=== Begin Enclosure ===

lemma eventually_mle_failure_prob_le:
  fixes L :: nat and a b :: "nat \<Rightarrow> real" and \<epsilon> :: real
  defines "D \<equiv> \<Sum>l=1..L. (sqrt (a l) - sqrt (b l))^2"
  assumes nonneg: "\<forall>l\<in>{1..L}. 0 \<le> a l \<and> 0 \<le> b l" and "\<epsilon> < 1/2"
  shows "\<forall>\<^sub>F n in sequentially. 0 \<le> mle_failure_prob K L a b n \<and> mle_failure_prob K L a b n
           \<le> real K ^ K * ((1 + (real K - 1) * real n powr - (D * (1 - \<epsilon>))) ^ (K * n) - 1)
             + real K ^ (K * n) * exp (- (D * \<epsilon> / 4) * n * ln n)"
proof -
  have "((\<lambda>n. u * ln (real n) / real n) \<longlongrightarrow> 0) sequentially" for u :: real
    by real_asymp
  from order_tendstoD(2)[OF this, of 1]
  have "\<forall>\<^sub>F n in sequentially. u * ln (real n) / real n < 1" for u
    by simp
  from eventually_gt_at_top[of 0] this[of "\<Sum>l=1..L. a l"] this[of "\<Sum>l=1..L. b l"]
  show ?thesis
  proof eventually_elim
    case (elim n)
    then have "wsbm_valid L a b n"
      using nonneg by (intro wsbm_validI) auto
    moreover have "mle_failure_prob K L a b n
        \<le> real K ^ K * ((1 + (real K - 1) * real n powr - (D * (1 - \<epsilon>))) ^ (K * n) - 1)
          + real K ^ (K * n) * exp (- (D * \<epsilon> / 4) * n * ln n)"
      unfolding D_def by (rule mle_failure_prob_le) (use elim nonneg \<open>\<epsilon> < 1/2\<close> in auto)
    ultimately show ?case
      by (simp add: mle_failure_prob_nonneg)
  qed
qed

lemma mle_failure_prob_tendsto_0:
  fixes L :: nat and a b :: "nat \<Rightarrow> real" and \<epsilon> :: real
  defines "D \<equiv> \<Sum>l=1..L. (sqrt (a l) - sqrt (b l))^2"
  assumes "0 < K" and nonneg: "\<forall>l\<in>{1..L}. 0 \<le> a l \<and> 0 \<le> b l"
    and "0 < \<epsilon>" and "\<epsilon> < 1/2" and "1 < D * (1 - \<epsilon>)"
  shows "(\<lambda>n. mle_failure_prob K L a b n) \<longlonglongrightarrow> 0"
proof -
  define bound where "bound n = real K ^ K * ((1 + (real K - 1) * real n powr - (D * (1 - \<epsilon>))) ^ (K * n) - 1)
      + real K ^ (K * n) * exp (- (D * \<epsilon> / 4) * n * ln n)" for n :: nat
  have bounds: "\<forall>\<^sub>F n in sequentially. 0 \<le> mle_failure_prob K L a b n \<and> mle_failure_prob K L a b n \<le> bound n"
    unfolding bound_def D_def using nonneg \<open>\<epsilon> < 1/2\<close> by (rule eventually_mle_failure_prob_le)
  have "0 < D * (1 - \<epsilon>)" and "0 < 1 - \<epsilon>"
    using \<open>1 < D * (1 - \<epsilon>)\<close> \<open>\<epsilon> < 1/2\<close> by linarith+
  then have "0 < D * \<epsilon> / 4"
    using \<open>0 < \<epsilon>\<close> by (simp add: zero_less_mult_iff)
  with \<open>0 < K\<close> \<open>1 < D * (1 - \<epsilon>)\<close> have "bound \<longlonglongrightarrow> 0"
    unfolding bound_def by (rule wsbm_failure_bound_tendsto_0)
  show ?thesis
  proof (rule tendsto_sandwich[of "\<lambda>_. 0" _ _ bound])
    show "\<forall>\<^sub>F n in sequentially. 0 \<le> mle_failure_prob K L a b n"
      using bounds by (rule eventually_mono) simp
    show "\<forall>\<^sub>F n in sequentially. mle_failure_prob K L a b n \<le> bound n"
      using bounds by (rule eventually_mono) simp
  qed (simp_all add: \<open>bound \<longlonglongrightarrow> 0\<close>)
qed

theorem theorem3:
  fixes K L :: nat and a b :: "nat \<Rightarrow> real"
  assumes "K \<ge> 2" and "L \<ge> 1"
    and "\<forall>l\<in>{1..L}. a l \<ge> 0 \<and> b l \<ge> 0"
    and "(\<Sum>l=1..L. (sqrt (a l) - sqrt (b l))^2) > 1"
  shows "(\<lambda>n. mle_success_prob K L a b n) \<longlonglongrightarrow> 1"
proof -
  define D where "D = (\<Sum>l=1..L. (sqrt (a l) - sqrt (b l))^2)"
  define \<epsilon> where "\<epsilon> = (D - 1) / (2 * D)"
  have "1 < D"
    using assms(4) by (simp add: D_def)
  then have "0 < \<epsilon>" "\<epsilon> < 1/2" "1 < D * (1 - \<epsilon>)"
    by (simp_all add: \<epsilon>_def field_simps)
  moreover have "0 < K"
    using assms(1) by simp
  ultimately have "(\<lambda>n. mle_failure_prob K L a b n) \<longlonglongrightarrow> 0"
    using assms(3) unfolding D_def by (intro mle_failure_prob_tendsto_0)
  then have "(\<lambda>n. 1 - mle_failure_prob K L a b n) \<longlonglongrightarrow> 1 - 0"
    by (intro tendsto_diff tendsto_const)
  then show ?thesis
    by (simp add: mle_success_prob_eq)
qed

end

=== End Enclosure ===

— Required work —
Give an exact repetition of all the material.

— Solution —
lemma eventually_mle_failure_prob_le:
  fixes L :: nat and a b :: "nat \<Rightarrow> real" and \<epsilon> :: real
  defines "D \<equiv> \<Sum>l=1..L. (sqrt (a l) - sqrt (b l))^2"
  assumes nonneg: "\<forall>l\<in>{1..L}. 0 \<le> a l \<and> 0 \<le> b l" and "\<epsilon> < 1/2"
  shows "\<forall>\<^sub>F n in sequentially. 0 \<le> mle_failure_prob K L a b n \<and> mle_failure_prob K L a b n
           \<le> real K ^ K * ((1 + (real K - 1) * real n powr - (D * (1 - \<epsilon>))) ^ (K * n) - 1)
             + real K ^ (K * n) * exp (- (D * \<epsilon> / 4) * n * ln n)"
proof -
  have "((\<lambda>n. u * ln (real n) / real n) \<longlongrightarrow> 0) sequentially" for u :: real
    by real_asymp
  from order_tendstoD(2)[OF this, of 1]
  have "\<forall>\<^sub>F n in sequentially. u * ln (real n) / real n < 1" for u
    by simp
  from eventually_gt_at_top[of 0] this[of "\<Sum>l=1..L. a l"] this[of "\<Sum>l=1..L. b l"]
  show ?thesis
  proof eventually_elim
    case (elim n)
    then have "wsbm_valid L a b n"
      using nonneg by (intro wsbm_validI) auto
    moreover have "mle_failure_prob K L a b n
        \<le> real K ^ K * ((1 + (real K - 1) * real n powr - (D * (1 - \<epsilon>))) ^ (K * n) - 1)
          + real K ^ (K * n) * exp (- (D * \<epsilon> / 4) * n * ln n)"
      unfolding D_def by (rule mle_failure_prob_le) (use elim nonneg \<open>\<epsilon> < 1/2\<close> in auto)
    ultimately show ?case
      by (simp add: mle_failure_prob_nonneg)
  qed
qed

lemma mle_failure_prob_tendsto_0:
  fixes L :: nat and a b :: "nat \<Rightarrow> real" and \<epsilon> :: real
  defines "D \<equiv> \<Sum>l=1..L. (sqrt (a l) - sqrt (b l))^2"
  assumes "0 < K" and nonneg: "\<forall>l\<in>{1..L}. 0 \<le> a l \<and> 0 \<le> b l"
    and "0 < \<epsilon>" and "\<epsilon> < 1/2" and "1 < D * (1 - \<epsilon>)"
  shows "(\<lambda>n. mle_failure_prob K L a b n) \<longlonglongrightarrow> 0"
proof -
  define bound where "bound n = real K ^ K * ((1 + (real K - 1) * real n powr - (D * (1 - \<epsilon>))) ^ (K * n) - 1)
      + real K ^ (K * n) * exp (- (D * \<epsilon> / 4) * n * ln n)" for n :: nat
  have bounds: "\<forall>\<^sub>F n in sequentially. 0 \<le> mle_failure_prob K L a b n \<and> mle_failure_prob K L a b n \<le> bound n"
    unfolding bound_def D_def using nonneg \<open>\<epsilon> < 1/2\<close> by (rule eventually_mle_failure_prob_le)
  have "0 < D * (1 - \<epsilon>)" and "0 < 1 - \<epsilon>"
    using \<open>1 < D * (1 - \<epsilon>)\<close> \<open>\<epsilon> < 1/2\<close> by linarith+
  then have "0 < D * \<epsilon> / 4"
    using \<open>0 < \<epsilon>\<close> by (simp add: zero_less_mult_iff)
  with \<open>0 < K\<close> \<open>1 < D * (1 - \<epsilon>)\<close> have "bound \<longlonglongrightarrow> 0"
    unfolding bound_def by (rule wsbm_failure_bound_tendsto_0)
  show ?thesis
  proof (rule tendsto_sandwich[of "\<lambda>_. 0" _ _ bound])
    show "\<forall>\<^sub>F n in sequentially. 0 \<le> mle_failure_prob K L a b n"
      using bounds by (rule eventually_mono) simp
    show "\<forall>\<^sub>F n in sequentially. mle_failure_prob K L a b n \<le> bound n"
      using bounds by (rule eventually_mono) simp
  qed (simp_all add: \<open>bound \<longlonglongrightarrow> 0\<close>)
qed

theorem theorem3:
  fixes K L :: nat and a b :: "nat \<Rightarrow> real"
  assumes "K \<ge> 2" and "L \<ge> 1"
    and "\<forall>l\<in>{1..L}. a l \<ge> 0 \<and> b l \<ge> 0"
    and "(\<Sum>l=1..L. (sqrt (a l) - sqrt (b l))^2) > 1"
  shows "(\<lambda>n. mle_success_prob K L a b n) \<longlonglongrightarrow> 1"
proof -
  define D where "D = (\<Sum>l=1..L. (sqrt (a l) - sqrt (b l))^2)"
  define \<epsilon> where "\<epsilon> = (D - 1) / (2 * D)"
  have "1 < D"
    using assms(4) by (simp add: D_def)
  then have "0 < \<epsilon>" "\<epsilon> < 1/2" "1 < D * (1 - \<epsilon>)"
    by (simp_all add: \<epsilon>_def field_simps)
  moreover have "0 < K"
    using assms(1) by simp
  ultimately have "(\<lambda>n. mle_failure_prob K L a b n) \<longlonglongrightarrow> 0"
    using assms(3) unfolding D_def by (intro mle_failure_prob_tendsto_0)
  then have "(\<lambda>n. 1 - mle_failure_prob K L a b n) \<longlonglongrightarrow> 1 - 0"
    by (intro tendsto_diff tendsto_const)
  then show ?thesis
    by (simp add: mle_success_prob_eq)
qed

end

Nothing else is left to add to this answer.